Segment Open

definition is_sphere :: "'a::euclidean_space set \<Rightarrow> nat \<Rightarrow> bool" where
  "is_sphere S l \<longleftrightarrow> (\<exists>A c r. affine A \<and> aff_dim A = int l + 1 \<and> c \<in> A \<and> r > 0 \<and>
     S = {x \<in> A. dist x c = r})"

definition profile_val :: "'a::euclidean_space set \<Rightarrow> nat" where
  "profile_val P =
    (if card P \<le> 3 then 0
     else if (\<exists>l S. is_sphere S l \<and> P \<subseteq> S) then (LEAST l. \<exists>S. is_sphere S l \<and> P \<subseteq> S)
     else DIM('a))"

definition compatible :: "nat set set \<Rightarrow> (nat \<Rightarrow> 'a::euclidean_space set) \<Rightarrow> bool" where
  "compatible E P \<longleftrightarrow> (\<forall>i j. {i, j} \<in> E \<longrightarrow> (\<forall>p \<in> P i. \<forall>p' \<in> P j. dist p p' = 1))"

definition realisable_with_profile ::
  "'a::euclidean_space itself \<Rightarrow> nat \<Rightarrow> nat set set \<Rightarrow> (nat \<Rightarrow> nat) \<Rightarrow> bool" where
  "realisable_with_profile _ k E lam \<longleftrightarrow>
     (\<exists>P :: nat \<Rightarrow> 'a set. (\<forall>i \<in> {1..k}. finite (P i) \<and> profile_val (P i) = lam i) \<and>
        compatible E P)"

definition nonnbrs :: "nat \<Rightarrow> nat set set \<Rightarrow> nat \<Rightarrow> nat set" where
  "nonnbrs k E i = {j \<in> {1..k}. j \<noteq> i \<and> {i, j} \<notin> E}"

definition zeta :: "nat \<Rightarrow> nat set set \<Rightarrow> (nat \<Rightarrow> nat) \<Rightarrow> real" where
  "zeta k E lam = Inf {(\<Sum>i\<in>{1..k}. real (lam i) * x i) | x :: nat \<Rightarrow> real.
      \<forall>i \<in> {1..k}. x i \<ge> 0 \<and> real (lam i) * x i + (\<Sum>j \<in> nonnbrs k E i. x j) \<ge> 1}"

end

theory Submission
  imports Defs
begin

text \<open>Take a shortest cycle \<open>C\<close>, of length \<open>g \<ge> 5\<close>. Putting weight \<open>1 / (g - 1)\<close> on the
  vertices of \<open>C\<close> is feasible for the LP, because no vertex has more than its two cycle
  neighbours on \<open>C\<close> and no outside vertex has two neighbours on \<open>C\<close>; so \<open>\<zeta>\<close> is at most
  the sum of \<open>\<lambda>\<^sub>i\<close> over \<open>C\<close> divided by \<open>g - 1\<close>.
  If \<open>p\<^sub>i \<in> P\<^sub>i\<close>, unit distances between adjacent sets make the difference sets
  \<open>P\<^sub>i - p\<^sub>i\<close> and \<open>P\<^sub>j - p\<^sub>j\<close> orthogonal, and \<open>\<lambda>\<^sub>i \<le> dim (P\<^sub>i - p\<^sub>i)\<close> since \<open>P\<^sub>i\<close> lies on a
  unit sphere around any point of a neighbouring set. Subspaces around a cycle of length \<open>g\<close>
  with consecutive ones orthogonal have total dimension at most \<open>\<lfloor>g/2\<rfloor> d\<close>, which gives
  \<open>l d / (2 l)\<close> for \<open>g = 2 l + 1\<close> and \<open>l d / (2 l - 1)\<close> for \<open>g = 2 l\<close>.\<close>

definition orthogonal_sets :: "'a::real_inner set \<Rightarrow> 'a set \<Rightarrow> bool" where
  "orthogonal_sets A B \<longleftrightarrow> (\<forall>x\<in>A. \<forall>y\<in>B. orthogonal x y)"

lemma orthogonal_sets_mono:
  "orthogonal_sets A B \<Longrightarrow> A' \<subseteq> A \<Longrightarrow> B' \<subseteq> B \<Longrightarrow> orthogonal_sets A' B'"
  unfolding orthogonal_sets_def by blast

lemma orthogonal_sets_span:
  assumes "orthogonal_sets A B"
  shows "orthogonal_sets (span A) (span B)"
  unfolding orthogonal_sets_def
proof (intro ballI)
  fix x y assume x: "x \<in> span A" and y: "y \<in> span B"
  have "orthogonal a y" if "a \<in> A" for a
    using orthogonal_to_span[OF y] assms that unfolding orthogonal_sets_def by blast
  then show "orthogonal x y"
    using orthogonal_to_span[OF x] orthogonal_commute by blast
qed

Segment Closed
Segment Open

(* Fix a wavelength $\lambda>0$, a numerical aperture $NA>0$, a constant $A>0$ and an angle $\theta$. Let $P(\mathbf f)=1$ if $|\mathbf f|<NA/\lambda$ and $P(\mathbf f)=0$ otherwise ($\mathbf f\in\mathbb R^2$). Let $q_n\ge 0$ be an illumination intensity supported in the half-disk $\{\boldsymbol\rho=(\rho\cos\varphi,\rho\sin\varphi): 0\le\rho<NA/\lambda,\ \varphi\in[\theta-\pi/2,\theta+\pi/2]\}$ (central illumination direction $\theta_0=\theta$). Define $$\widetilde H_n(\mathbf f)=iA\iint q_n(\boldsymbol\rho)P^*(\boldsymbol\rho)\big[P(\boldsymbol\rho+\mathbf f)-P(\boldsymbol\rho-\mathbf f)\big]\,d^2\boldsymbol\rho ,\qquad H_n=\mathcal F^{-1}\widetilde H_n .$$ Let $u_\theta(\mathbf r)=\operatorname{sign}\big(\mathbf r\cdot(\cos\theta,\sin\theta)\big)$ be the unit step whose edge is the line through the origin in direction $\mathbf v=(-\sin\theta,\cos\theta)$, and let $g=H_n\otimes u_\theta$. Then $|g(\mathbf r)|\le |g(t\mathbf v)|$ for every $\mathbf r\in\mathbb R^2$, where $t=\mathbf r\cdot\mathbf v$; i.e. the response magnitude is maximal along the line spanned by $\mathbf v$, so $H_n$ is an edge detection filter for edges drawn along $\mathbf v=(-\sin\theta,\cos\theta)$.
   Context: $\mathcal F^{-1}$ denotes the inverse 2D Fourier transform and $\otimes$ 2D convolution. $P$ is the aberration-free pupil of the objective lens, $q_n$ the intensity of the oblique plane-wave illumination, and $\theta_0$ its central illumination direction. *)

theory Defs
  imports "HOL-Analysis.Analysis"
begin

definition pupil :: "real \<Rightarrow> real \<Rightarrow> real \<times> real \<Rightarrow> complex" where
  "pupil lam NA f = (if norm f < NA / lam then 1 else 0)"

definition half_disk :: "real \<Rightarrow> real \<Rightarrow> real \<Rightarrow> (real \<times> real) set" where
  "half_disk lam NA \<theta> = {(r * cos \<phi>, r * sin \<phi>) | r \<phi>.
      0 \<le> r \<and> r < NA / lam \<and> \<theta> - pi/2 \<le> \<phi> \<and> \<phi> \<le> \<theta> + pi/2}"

Segment Closed

**REQUIREMENT:**
Everything from the line with "A B \<longleftrightarrow>" through the line with "using orthogonal_to_span[OF y]" in the listing above must be retyped exactly, with nothing added.

**EXERCISE RESULT:**
  "orthogonal_sets A B \<longleftrightarrow> (\<forall>x\<in>A. \<forall>y\<in>B. orthogonal x y)"

lemma orthogonal_sets_mono:
  "orthogonal_sets A B \<Longrightarrow> A' \<subseteq> A \<Longrightarrow> B' \<subseteq> B \<Longrightarrow> orthogonal_sets A' B'"
  unfolding orthogonal_sets_def by blast

lemma orthogonal_sets_span:
  assumes "orthogonal_sets A B"
  shows "orthogonal_sets (span A) (span B)"
  unfolding orthogonal_sets_def
proof (intro ballI)
  fix x y assume x: "x \<in> span A" and y: "y \<in> span B"
  have "orthogonal a y" if "a \<in> A" for a
    using orthogonal_to_span[OF y] assms that unfolding orthogonal_sets_def by blast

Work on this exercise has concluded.